Daniel Komala runs Larasati Auctioneers in Singapore. In advance of his sale, he offers advice to art investors and collectors:
For art investors and art collectors, who both drive the market but in different ways, the economic crisis poses different challenges and opportunities. Art prices have fallen by 30 to 40 per cent from the highs of a year ago. [ . . . ] For art lovers who are building a collection, now is the time to sharpen your portfolio or expand it. In this climate, auction houses will be prepared to put only the best work – established artists and the masterpieces of tomorrow – under the hammer.
And, like the collection my own company Larasati is presenting tomorrow, artworks will command fair prices, and not the dizzy excesses of 500 per cent plus above list price that auctions of Asian art fetched from 2006 to 2008. Collectors have an opportunity to purchase works by masters at the best prices seen for years.
That’s his advice to collectors, but his suggestion to investors makes those “investors” sound a lot like the dreaded art speculators who are supposed to have been beaten out of the market:
For experienced art investors who have a portfolio of paintings which have lost value, I suggest you regard this time as an opportunity to cut your losses by spreading your risk. For example, let’s say you bought a painting a year ago for S$100,000 that’s now worth S$50,000.

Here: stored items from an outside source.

lemma convex_minimizing_sequence_Cauchy:
  fixes M :: "'a::chilbert_space set"
  assumes "convex M" and mM: "\<And>n. m n \<in> M" and "0 \<le> d"
    and low: "\<And>a. a \<in> M \<Longrightarrow> d \<le> norm (z - a)"
    and mb: "\<And>n. (norm (z - m n))\<^sup>2 < d\<^sup>2 + inverse (real (Suc n))"
  shows "Cauchy m"
proof -
  have mid: "(norm (m k - m n))\<^sup>2 < 2 * inverse (real (Suc n)) + 2 * inverse (real (Suc k))"
    for n k
  proof -
    define q where "q = (1/2) *\<^sub>R m n + (1/2) *\<^sub>R m k"
    have "q \<in> M"
      using convexD[OF \<open>convex M\<close> mM mM] by (simp add: q_def)
    have "(z - m n) + (z - m k) = 2 *\<^sub>R (z - q)"
      by (simp add: q_def algebra_simps scaleR_2)
    then have "2 * d \<le> norm ((z - m n) + (z - m k))"
      using low[OF \<open>q \<in> M\<close>] by simp
    then have "(2 * d)\<^sup>2 \<le> (norm ((z - m n) + (z - m k)))\<^sup>2"
      using \<open>0 \<le> d\<close> by (intro power_mono) auto
    then show ?thesis
      using parallelogram_law[of "z - m n" "z - m k"] mb[of n] mb[of k]
      by (simp add: power_mult_distrib)
  qed
  show ?thesis
  proof (rule CauchyI)
    fix e :: real
    assume "0 < e"
    obtain N where N: "inverse (real (Suc N)) < e\<^sup>2 / 4"
      using reals_Archimedean[of "e\<^sup>2 / 4"] \<open>0 < e\<close> by auto
    have "norm (m i - m j) < e" if "i \<ge> N" "j \<ge> N" for i j
    proof -
      have "inverse (real (Suc i)) \<le> inverse (real (Suc N))"
        "inverse (real (Suc j)) \<le> inverse (real (Suc N))"
        using that by (auto simp: field_simps)
      then have "(norm (m i - m j))\<^sup>2 < e\<^sup>2"
        using mid[where n = j and k = i] N by linarith
      then show ?thesis
        using \<open>0 < e\<close> by (simp add: power_less_imp_less_base)
    qed
    then show "\<exists>M. \<forall>i\<ge>M. \<forall>j\<ge>M. norm (m i - m j) < e"
      by blast
  qed
qed

lemma nearest_point_closure_convex:
  fixes M :: "'a::chilbert_space set"
  assumes "convex M" and "M \<noteq> {}"
  shows "\<exists>p\<in>closure M. \<forall>a\<in>closure M. norm (z - p) \<le> norm (z - a)"
proof -
  define d where "d = infdist z M"
  have "0 \<le> d"
    by (simp add: d_def infdist_nonneg)
  have low: "d \<le> norm (z - a)" if "a \<in> M" for a
    using infdist_le[OF that, of z] by (simp add: d_def dist_norm)
  have "\<exists>a\<in>M. (norm (z - a))\<^sup>2 < d\<^sup>2 + inverse (real (Suc n))" for n
  proof -
    have "d < sqrt (d\<^sup>2 + inverse (real (Suc n)))"
      using \<open>0 \<le> d\<close> by (simp add: real_less_rsqrt)
    then have "\<exists>a\<in>M. dist z a < sqrt (d\<^sup>2 + inverse (real (Suc n)))"
      using \<open>M \<noteq> {}\<close> infdist_notempty[OF \<open>M \<noteq> {}\<close>]
        cINF_less_iff[of M "dist z" "sqrt (d\<^sup>2 + inverse (real (Suc n)))"]
      unfolding d_def by (metis bdd_belowI2 zero_le_dist)
    then obtain a where "a \<in> M" and a: "dist z a < sqrt (d\<^sup>2 + inverse (real (Suc n)))"
      by blast
    have "(dist z a)\<^sup>2 < d\<^sup>2 + inverse (real (Suc n))"
      using power_strict_mono[OF a, of 2] by simp
    then show ?thesis
      using \<open>a \<in> M\<close> by (auto simp: dist_norm)
  qed
  then obtain m where mM: "\<And>n. m n \<in> M"
    and mb: "\<And>n. (norm (z - m n))\<^sup>2 < d\<^sup>2 + inverse (real (Suc n))"
    by metis
  obtain p where p: "m \<longlonglongrightarrow> p"
    using convex_minimizing_sequence_Cauchy[OF \<open>convex M\<close> mM \<open>0 \<le> d\<close> low mb]
    unfolding Cauchy_convergent_iff convergent_def by blast
  have "(\<lambda>n. (norm (z - m n))\<^sup>2) \<longlonglongrightarrow> (norm (z - p))\<^sup>2"
    by (intro tendsto_intros p)
  moreover have "(\<lambda>n. d\<^sup>2 + inverse (real (Suc n))) \<longlonglongrightarrow> d\<^sup>2 + 0"
    by (intro tendsto_intros LIMSEQ_inverse_real_of_nat)
  ultimately have "(norm (z - p))\<^sup>2 \<le> d\<^sup>2 + 0"
    by (rule LIMSEQ_le) (use mb less_imp_le in blast)
  then have "norm (z - p) \<le> d"
    using power2_le_imp_le[OF _ \<open>0 \<le> d\<close>] by simp
  then have "M \<subseteq> {a. norm (z - p) \<le> norm (z - a)}"
    using low by force
  then have "closure M \<subseteq> {a. norm (z - p) \<le> norm (z - a)}"
    by (intro closure_minimal closed_Collect_le continuous_intros)
  moreover have "p \<in> closure M"
    unfolding closure_sequential using p mM by blast
  ultimately show ?thesis
    by blast
qed
text \<open>Generalized Kampe de Feriet function with parameter lists
  (h_H), (a_A), (b_B) in the numerator and (g_G), (c_C), (d_D) in the denominator.\<close>
definition KdF ::
  "complex list \<Rightarrow> complex list \<Rightarrow> complex list \<Rightarrow>
   complex list \<Rightarrow> complex list \<Rightarrow> complex list \<Rightarrow> complex \<Rightarrow> complex \<Rightarrow> complex" where
  "KdF hs as bs gs cs ds x y =
     (\<Sum>\<^sub>\<infinity>(m, n)\<in>UNIV.
        (prod_list (map (\<lambda>p. pochhammer p (m + n)) hs)
         * prod_list (map (\<lambda>p. pochhammer p m) as)
         * prod_list (map (\<lambda>p. pochhammer p n) bs))
        / (prod_list (map (\<lambda>p. pochhammer p (m + n)) gs)
         * prod_list (map (\<lambda>p. pochhammer p m) cs)
         * prod_list (map (\<lambda>p. pochhammer p n) ds))
        * (x ^ m / fact m) * (y ^ n / fact n))"

end

theory Submission
  imports Defs "HOL-Real_Asymp.Real_Asymp"
begin

text \<open>Since (\<alpha>/2 + 1)_n / (\<alpha>/2)_n = 1 + 2n/\<alpha>, summing the left-hand sides along the diagonals
  m + n = N with the Chu-Vandermonde identity (plain and weighted by n) turns them, whenever the
  two remaining parameters c, e satisfy c + e = \<beta>, into the series
  \<Sum>_N (\<alpha>)_N / (N! 2^N) (1 + 2Ne/(\<alpha>\<beta>)), which the binomial series evaluates to 2^\<alpha> (\<beta> + 2e)/\<beta>.
  On the right-hand sides the Gamma quotients are Pochhammer symbols: the alternating sum is an
  i-th finite difference of a Pochhammer polynomial of degree i + 1, hence linear in \<beta>, and the
  other sum is a binomial sum of linear terms. Both sides equal 2^(\<alpha>+1) (\<beta> \<mp> i - 2)/\<beta>.\<close>

lemma zero_le_pochhammer: "0 \<le> x \<Longrightarrow> 0 \<le> pochhammer x n"
  for x :: "'a :: linordered_semidom"
  by (simp add: pochhammer_prod prod_nonneg)

lemma norm_pochhammer_le: "norm (pochhammer z n) \<le> pochhammer (norm z) n"
  for z :: "'a :: real_normed_field"
proof (induction n)
  case (Suc n)
  have "norm (z + of_nat n) \<le> norm z + of_nat n"
    using norm_triangle_ineq[of z "of_nat n"] by simp
  with Suc show ?case
    by (simp add: pochhammer_rec' norm_mult mult_mono pochhammer_pos)
qed simp

lemma pochhammer_plus1_divide:
  fixes z :: "'a :: field_char_0"
  assumes "z \<notin> \<int>\<^sub>\<le>\<^sub>0"
  shows "pochhammer (z + 1) n / pochhammer z n = 1 + of_nat n / z"
proof -
  have "z \<noteq> 0" and "pochhammer z n \<noteq> 0"
    using assms by (auto dest: pochhammer_eq_0_imp_nonpos_Int)
  moreover have "z * pochhammer (z + 1) n = (z + of_nat n) * pochhammer z n"
    by (metis pochhammer_rec pochhammer_rec')
  ultimately show ?thesis by (simp add: field_simps)
qed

My recommendation would be sell it, and use the liquidity to buy several paintings by upcoming talents that will give you the chance to maximise earnings in two years’ time. Or upgrade by buying a better quality artwork than the one you sold, again to increase earning potential a few years down the line when the market rebounds.
For speculators, the fine art market is currently closed; and that’s a good thing for artists, auctioneers such as Larasati and both art investors and art collectors.